For the entries below, the expected answer is the line with "f z = of_nat", the line with "unfolding eucl_def by simp", and every line between them, exactly as written, and nothing more.

(Excerpts from a dataset)
Segment Open
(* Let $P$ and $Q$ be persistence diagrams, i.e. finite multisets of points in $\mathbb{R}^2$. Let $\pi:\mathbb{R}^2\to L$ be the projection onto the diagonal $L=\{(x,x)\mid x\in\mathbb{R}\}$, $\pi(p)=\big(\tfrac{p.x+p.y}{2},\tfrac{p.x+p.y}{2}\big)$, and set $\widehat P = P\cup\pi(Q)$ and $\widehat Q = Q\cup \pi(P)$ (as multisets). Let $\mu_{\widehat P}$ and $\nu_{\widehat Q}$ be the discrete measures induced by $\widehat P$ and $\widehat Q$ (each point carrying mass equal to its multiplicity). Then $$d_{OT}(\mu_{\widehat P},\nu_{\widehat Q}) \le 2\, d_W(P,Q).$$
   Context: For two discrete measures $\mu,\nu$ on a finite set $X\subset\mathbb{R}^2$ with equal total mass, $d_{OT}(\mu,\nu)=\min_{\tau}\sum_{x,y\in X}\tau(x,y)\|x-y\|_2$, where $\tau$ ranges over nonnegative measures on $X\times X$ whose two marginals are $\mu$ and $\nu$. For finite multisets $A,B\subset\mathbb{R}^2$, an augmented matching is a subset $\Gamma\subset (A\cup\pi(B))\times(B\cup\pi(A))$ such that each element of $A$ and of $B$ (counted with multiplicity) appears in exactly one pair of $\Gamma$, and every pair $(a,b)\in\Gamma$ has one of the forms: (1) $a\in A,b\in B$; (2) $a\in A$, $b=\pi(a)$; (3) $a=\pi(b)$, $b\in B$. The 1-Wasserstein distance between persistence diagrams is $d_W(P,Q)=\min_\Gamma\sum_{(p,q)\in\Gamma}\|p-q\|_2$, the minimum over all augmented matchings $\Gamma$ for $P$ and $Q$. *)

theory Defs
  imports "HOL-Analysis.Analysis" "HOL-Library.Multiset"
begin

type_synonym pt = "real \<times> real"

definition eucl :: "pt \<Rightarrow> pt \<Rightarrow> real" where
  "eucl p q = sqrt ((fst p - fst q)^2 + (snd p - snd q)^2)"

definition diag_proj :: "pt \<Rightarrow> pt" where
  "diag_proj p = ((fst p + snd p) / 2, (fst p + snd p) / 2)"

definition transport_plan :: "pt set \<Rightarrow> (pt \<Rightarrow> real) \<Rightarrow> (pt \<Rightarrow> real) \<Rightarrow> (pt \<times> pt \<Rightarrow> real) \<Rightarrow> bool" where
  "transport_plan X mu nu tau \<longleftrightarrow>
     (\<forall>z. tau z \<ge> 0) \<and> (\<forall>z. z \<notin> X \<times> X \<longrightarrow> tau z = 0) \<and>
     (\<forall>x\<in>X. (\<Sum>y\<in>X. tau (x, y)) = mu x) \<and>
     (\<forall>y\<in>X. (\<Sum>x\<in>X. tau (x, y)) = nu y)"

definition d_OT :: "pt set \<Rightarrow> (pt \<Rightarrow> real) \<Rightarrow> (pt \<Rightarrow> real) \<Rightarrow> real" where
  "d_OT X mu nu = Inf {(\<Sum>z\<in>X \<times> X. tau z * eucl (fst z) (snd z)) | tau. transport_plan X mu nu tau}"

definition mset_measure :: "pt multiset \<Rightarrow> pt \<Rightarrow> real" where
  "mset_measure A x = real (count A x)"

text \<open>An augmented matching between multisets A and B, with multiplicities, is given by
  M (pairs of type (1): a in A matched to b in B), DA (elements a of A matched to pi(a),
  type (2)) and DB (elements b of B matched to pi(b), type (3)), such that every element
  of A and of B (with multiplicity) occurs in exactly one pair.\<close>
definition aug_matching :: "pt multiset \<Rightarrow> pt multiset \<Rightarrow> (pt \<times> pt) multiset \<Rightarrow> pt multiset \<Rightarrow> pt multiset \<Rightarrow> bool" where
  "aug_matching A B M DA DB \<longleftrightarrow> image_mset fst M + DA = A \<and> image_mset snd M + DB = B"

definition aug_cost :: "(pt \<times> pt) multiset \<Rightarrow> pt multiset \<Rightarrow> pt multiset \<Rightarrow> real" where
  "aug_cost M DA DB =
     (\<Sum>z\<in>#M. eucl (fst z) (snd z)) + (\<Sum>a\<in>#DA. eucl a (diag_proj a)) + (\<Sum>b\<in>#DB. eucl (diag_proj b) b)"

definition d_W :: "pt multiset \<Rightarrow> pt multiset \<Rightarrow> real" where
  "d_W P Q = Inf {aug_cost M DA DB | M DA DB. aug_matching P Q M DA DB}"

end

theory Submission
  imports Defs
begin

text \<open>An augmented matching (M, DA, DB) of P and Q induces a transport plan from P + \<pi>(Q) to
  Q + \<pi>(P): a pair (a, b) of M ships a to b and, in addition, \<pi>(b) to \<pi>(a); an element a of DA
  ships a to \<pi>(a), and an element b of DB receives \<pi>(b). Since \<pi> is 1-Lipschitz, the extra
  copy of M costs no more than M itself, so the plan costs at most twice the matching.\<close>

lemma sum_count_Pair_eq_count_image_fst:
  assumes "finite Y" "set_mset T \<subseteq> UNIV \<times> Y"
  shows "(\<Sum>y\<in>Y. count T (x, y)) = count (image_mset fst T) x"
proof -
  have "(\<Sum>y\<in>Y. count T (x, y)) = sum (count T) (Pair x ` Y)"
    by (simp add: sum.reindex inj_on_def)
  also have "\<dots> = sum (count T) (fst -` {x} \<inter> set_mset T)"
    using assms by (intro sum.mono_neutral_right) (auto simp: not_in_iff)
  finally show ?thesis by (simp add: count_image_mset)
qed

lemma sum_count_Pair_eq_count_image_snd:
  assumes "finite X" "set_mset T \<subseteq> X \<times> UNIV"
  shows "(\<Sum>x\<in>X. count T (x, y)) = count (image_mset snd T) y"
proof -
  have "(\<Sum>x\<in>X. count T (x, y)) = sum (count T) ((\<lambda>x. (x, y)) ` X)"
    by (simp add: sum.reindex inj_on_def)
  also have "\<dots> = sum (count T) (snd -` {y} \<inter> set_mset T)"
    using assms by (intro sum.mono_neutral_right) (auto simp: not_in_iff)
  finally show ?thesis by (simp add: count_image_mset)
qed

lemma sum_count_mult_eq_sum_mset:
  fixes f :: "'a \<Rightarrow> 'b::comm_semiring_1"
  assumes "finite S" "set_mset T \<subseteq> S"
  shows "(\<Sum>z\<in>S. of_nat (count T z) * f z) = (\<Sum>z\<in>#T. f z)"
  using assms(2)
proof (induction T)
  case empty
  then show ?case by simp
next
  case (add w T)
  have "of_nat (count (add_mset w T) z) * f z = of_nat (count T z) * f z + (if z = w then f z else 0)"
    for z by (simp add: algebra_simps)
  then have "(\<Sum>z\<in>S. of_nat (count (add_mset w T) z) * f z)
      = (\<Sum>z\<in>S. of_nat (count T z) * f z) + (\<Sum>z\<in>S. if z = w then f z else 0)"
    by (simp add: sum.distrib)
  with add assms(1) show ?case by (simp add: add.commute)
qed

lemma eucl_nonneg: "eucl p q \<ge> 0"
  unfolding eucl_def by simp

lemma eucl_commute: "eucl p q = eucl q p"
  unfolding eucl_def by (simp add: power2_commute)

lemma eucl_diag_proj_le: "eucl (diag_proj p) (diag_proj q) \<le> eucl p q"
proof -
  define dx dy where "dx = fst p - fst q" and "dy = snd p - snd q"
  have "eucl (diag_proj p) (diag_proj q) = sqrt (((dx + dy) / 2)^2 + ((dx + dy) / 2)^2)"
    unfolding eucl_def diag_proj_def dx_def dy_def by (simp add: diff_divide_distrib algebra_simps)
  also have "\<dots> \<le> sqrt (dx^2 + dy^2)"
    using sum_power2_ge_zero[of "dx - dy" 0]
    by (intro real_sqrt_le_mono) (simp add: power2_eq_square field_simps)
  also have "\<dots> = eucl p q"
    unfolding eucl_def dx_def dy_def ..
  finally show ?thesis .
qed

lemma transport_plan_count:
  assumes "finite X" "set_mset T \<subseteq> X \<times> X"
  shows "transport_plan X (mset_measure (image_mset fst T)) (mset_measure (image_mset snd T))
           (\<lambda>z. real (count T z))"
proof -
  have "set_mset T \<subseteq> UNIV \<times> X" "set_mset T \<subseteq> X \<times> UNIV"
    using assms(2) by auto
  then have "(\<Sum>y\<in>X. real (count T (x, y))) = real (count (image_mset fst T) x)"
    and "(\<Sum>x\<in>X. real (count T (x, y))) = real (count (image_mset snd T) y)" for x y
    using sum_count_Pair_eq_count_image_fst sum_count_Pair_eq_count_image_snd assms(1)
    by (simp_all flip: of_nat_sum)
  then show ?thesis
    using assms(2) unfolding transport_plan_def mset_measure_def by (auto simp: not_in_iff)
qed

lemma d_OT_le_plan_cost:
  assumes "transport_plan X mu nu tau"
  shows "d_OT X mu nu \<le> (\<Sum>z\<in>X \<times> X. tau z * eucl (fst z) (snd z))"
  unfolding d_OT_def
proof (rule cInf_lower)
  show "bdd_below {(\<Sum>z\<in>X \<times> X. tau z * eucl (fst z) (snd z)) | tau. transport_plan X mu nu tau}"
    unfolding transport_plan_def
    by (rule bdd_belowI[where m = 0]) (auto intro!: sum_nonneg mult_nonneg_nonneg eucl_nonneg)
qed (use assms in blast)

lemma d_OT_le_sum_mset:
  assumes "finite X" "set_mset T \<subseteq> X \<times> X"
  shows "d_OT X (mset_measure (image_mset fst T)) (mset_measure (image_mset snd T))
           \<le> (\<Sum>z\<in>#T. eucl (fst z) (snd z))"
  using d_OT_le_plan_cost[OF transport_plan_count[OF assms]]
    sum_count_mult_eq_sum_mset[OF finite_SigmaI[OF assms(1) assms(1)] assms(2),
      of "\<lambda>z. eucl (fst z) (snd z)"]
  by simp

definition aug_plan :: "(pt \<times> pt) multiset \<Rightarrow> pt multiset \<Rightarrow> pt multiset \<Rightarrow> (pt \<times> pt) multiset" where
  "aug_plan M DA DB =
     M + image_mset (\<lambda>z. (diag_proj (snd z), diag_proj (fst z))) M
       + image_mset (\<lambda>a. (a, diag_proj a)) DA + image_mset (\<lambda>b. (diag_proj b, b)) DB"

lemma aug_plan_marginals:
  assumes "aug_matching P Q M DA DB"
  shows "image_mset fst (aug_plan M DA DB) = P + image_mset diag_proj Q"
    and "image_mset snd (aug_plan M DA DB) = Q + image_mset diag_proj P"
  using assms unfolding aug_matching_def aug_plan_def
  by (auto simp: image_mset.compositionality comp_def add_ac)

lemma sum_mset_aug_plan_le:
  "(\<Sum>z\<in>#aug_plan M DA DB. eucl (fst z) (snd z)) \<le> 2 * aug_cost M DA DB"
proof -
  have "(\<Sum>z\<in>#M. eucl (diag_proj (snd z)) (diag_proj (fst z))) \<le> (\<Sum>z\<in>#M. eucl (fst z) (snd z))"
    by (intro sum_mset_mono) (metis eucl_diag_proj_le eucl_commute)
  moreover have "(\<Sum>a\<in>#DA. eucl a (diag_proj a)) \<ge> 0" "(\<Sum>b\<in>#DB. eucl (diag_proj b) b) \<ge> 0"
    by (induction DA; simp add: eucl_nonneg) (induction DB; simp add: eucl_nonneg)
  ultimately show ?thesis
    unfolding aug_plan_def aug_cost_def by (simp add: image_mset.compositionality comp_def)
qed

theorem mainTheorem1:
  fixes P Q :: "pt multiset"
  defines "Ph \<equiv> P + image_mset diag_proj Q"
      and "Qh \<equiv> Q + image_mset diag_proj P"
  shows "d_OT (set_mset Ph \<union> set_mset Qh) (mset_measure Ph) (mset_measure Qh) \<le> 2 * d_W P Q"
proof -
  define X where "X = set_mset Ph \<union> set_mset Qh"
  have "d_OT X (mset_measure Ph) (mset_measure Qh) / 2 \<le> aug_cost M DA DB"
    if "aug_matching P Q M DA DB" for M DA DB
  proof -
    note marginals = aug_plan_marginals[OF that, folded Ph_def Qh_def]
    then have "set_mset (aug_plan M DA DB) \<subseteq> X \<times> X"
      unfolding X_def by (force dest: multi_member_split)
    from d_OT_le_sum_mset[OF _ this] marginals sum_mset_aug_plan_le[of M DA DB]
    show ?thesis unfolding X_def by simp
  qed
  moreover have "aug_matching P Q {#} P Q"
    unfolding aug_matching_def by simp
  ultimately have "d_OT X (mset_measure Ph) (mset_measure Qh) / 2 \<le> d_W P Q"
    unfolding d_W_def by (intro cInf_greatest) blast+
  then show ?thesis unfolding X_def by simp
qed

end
Segment Closed
-- Result --
  have "of_nat (count (add_mset w T) z) * f z = of_nat (count T z) * f z + (if z = w then f z else 0)"
    for z by (simp add: algebra_simps)
  then have "(\<Sum>z\<in>S. of_nat (count (add_mset w T) z) * f z)
      = (\<Sum>z\<in>S. of_nat (count T z) * f z) + (\<Sum>z\<in>S. if z = w then f z else 0)"
    by (simp add: sum.distrib)
  with add assms(1) show ?case by (simp add: add.commute)
qed

lemma eucl_nonneg: "eucl p q \<ge> 0"
  unfolding eucl_def by simp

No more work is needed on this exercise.